House Considering New Voting Procedures As Coronavirus Strikes Capitol Hill
WASHINGTON – The House appears close to adopting new voting procedures on bills in the wake of two members testing positive for the coronavirus this week.
Though the situation is evolving rapidly, as of Thursday afternoon, House Rules Committee Chairman Jim McGovern was preparing a report on the House rules concerning member voting.
In addition, Rep. Zoe Lofgren, chair of the Committee on House Administration, was putting the final touches on a memo on additional resources for tele-conferencing.
Both actions came at the direction of House Speaker Nancy Pelosi, who during a conference call with members, invited them to submit comments.
Separately, House Majority Leader Steny Hoyer told his fellow Democrats that changes to the House schedule are coming.
“I share the concerns of many members regarding the number of members on the House floor at any one time,” Hoyer wrote in a letter to his fellow Democrats. “I therefore expect that the House will adjust our voting procedures in order to follow the CDC’s recommendations.”

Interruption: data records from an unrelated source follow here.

(* Let $W$ be a finite set of possible worlds and let $\bullet$ be an operator assigning to every pair $(G_1,G_2)$ of belief algebras on $W$ a belief algebra $G_1\bullet G_2$ on $W$, and suppose $\bullet$ satisfies the postulates (RA1)–(RA6) described in the context. Then for any belief algebras $G_1,G_2$ on $W$, the revision result $G_1\bullet G_2$ is unique, and $$G_1\bullet G_2=\operatorname{Gen}\big((G_1\cup G_2)\cap (\operatorname{Com}(G_1)\bullet \operatorname{Com}(G_2))\big).$$
   Context: $W$ is a finite nonempty set (the possible worlds of a finite propositional language). Let $R_W=\{(U,V)\mid U,V\subseteq W,\ U\cap V=\varnothing\}$. A belief algebra on $W$ is a pair $(2^W,\gg)$, where $\gg$ is a binary relation on $2^W$ satisfying, for all $U,V,U_1,V_1,U_2,V_2\subseteq W$: (A0) $\gg\subseteq R_W$; (A1) $U\gg\varnothing$ iff $U\neq\varnothing$; (A2) if $U\gg V$ then not $V\gg U$; (A3) if $U_1\supseteq U$, $U\gg V$, $V\supseteq V_1$ and $U_1\cap V_1=\varnothing$, then $U_1\gg V_1$; (A4) if $U=U_1\cup V_1=U_2\cup V_2$, $U_1\gg V_1$ and $U_2\gg V_2$, then $U_1\cap U_2\gg V_1\cup V_2$. A belief algebra is identified with its relation $\gg$, viewed as a set of pairs; $(U,V)\in G$ means $U\gg V$, and $\subseteq,\cup,\cap$ between belief algebras refer to these sets of pairs. For $\Omega\subseteq R_W$, $\operatorname{Gen}(\Omega)$ is the smallest subset of $R_W$ containing $\Omega$ and closed under: (i) it contains $(U,\varnothing)$ for every nonempty $U\subseteq W$; (ii) if $(U,V)$ is in it, $U\subseteq U_1$, $V_1\subseteq V$, $U_1\cap V_1=\varnothing$, then $(U_1,V_1)$ is in it; (iii) if $U_1\cup V_1=U_2\cup V_2$ and $(U_1,V_1),(U_2,V_2)$ are in it, then $(U_1\cap U_2,V_1\cup V_2)$ is in it; when $\operatorname{Gen}(\Omega)$ satisfies (A2) it is regarded as a belief algebra. Total preorders: for a total preorder $\preceq$ on $W$, write $\omega\prec\omega'$ iff $\omega\preceq\omega'$ and not $\omega'\preceq\omega$. The relation defined by $U\gg V$ iff $U\cap V=\varnothing$ and there is $\omega_1\in U$ with $\omega_1\prec\omega_2$ for all $\omega_2\in V$ is a belief algebra; belief algebras arising this way are called complete belief algebras (CBAs). Backbone: every belief algebra $(2^W,\gg)$ has a unique backbone, a sequence $U_1,\dots,U_n$ of nonempty pairwise disjoint sets with union $W$, such that $U_i\gg U_{i+1}$ for all $i<n$ and, for each $i$, any two disjoint nonempty subsets $V_1,V_2$ of $U_i$ are incomparable under $\gg$. For nonempty $V\subseteq W$, the support $I(V)$ of $V$ (w.r.t. this backbone) is $U_i$ for the least index $i$ with $V\cap U_i\neq\varnothing$. $\operatorname{Com}(G)$ denotes the unique CBA that contains $G$ and has the same backbone as $G$ (explicitly, the CBA of the total preorder with $\omega\preceq\omega'$ iff the backbone block containing $\omega$ has index $\le$ that of the block containing $\omega'$). Write $G_1\leq G_2$ iff $G_1,G_2$ have the same backbone and $G_1\subseteq G_2$. Postulates for $\bullet$ (for all belief algebras $G_1=(2^W,\gg_1)$, $G_2=(2^W,\gg_2)$, $G_1',G_2'$): (RA1) $G_2\subseteq G_1\bullet G_2$. (RA2) There is $\Omega\subseteq G_1\cup G_2$ with $G_1\bullet G_2=\operatorname{Gen}(\Omega)$. (RA3) If $G_1,G_2$ are CBAs then $G_1\bullet G_2$ is a CBA. (RA4) If $G_1,G_2$ are CBAs and $\omega,\omega'\in W$ satisfy $I_2(\{\omega\})=I_2(\{\omega'\})$, where $I_2$ is the support w.r.t. the backbone of $G_2$, then $(\{\omega\},\{\omega'\})\in G_1\bullet G_2$ iff $\{\omega\}\gg_1\{\omega'\}$. (RA5) If $G_1\leq G_1'$ and $G_2\leq G_2'$ then $G_1\bullet G_2\subseteq G_1'\bullet G_2'$. (RA6) If $\Omega\subseteq G_1\cup G_2$, $\operatorname{Gen}(\Omega)\subseteq \operatorname{Com}(G_1)\bullet\operatorname{Com}(G_2)$ and $G_1\bullet G_2\subseteq\operatorname{Gen}(\Omega)$, then $G_1\bullet G_2=\operatorname{Gen}(\Omega)$. *)

theory Defs
  imports Main
begin

text \<open>Worlds: a finite (nonempty) type 'a, so W = UNIV. A belief algebra is a set of
pairs of sets of worlds.\<close>

type_synonym 'a brel = "('a set \<times> 'a set) set"

definition belief_algebra :: "'a brel \<Rightarrow> bool" where
  "belief_algebra G \<longleftrightarrow>
     (\<forall>U V. (U, V) \<in> G \<longrightarrow> U \<inter> V = {}) \<and>
     (\<forall>U. (U, {}) \<in> G \<longleftrightarrow> U \<noteq> {}) \<and>
     (\<forall>U V. (U, V) \<in> G \<longrightarrow> (V, U) \<notin> G) \<and>
     (\<forall>U V U1 V1. U \<subseteq> U1 \<longrightarrow> (U, V) \<in> G \<longrightarrow> V1 \<subseteq> V \<longrightarrow> U1 \<inter> V1 = {}
        \<longrightarrow> (U1, V1) \<in> G) \<and>
     (\<forall>U U1 V1 U2 V2. U = U1 \<union> V1 \<longrightarrow> U = U2 \<union> V2 \<longrightarrow> (U1, V1) \<in> G \<longrightarrow>
        (U2, V2) \<in> G \<longrightarrow> (U1 \<inter> U2, V1 \<union> V2) \<in> G)"

inductive_set Gen :: "'a brel \<Rightarrow> 'a brel" for \<Omega> :: "'a brel" where
  base: "x \<in> \<Omega> \<Longrightarrow> x \<in> Gen \<Omega>"
| empty: "U \<noteq> {} \<Longrightarrow> (U, {}) \<in> Gen \<Omega>"
| mono: "(U, V) \<in> Gen \<Omega> \<Longrightarrow> U \<subseteq> U1 \<Longrightarrow> V1 \<subseteq> V \<Longrightarrow> U1 \<inter> V1 = {}
           \<Longrightarrow> (U1, V1) \<in> Gen \<Omega>"
| meet: "U1 \<union> V1 = U2 \<union> V2 \<Longrightarrow> (U1, V1) \<in> Gen \<Omega> \<Longrightarrow> (U2, V2) \<in> Gen \<Omega>
           \<Longrightarrow> (U1 \<inter> U2, V1 \<union> V2) \<in> Gen \<Omega>"

definition cba_of :: "('a \<Rightarrow> 'a \<Rightarrow> bool) \<Rightarrow> 'a brel" where
  "cba_of le = {(U, V). U \<inter> V = {} \<and> (\<exists>w1\<in>U. \<forall>w2\<in>V. le w1 w2 \<and> \<not> le w2 w1)}"

definition total_preorder :: "('a \<Rightarrow> 'a \<Rightarrow> bool) \<Rightarrow> bool" where
  "total_preorder le \<longleftrightarrow> (\<forall>x y. le x y \<or> le y x) \<and> (\<forall>x y z. le x y \<longrightarrow> le y z \<longrightarrow> le x z)"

Under normal voting procedures, all 435 House members are called to the floor to vote at the same time.
Members who were on the call said a number of alternatives are being considered, including having lawmakers vote in 30-member groupings.
Other suggestions included calling members alphabetically by name, alphabetically by name within a state, by random computerized sorting, by the year they were first elected to Congress, by committees.
Someone even suggested they be allowed to vote on a first-come, first serve basis.
Though the specifics remain to be worked out, Hoyer said the House won’t reconvene until a third emergency relief package, currently being drafted by Senate Republicans, has cleared the upper chamber and is ready for a House vote.
The timing of the Senate action is also unclear at this point, but Pelosi said during her conference call that it could be early next week.
The flurry of activity comes after two members of the House — Reps. Ben McAdams, D-Utah, and Mario Diaz-Balart, R-Fla. — announced they have contracted the virus.
Since then, a number of their colleagues have announced self-quarantines as a precautionary measure.
It also comes amidst growing pressure from some lawmakers who want the House to adopt a system of remote voting.
Among them is Rep. Francis Rooney, a Florida Republican, who said Thursday, “We are in a serious, global pandemic and Congress should utilize modern technology to permit remote voting.
“Votes on spending and response to the pandemic are critical and will need quick action. Remote voting is the way to effectuate social distancing and follow proper health procedures. The technology exists. Estonia has used it for years,” he said.
“This remote vote capability is even more necessary now that there are two Representatives that have tested positive for the virus. The work of Congress must continue, but it need not put people at risk unnecessarily,” Rooney said.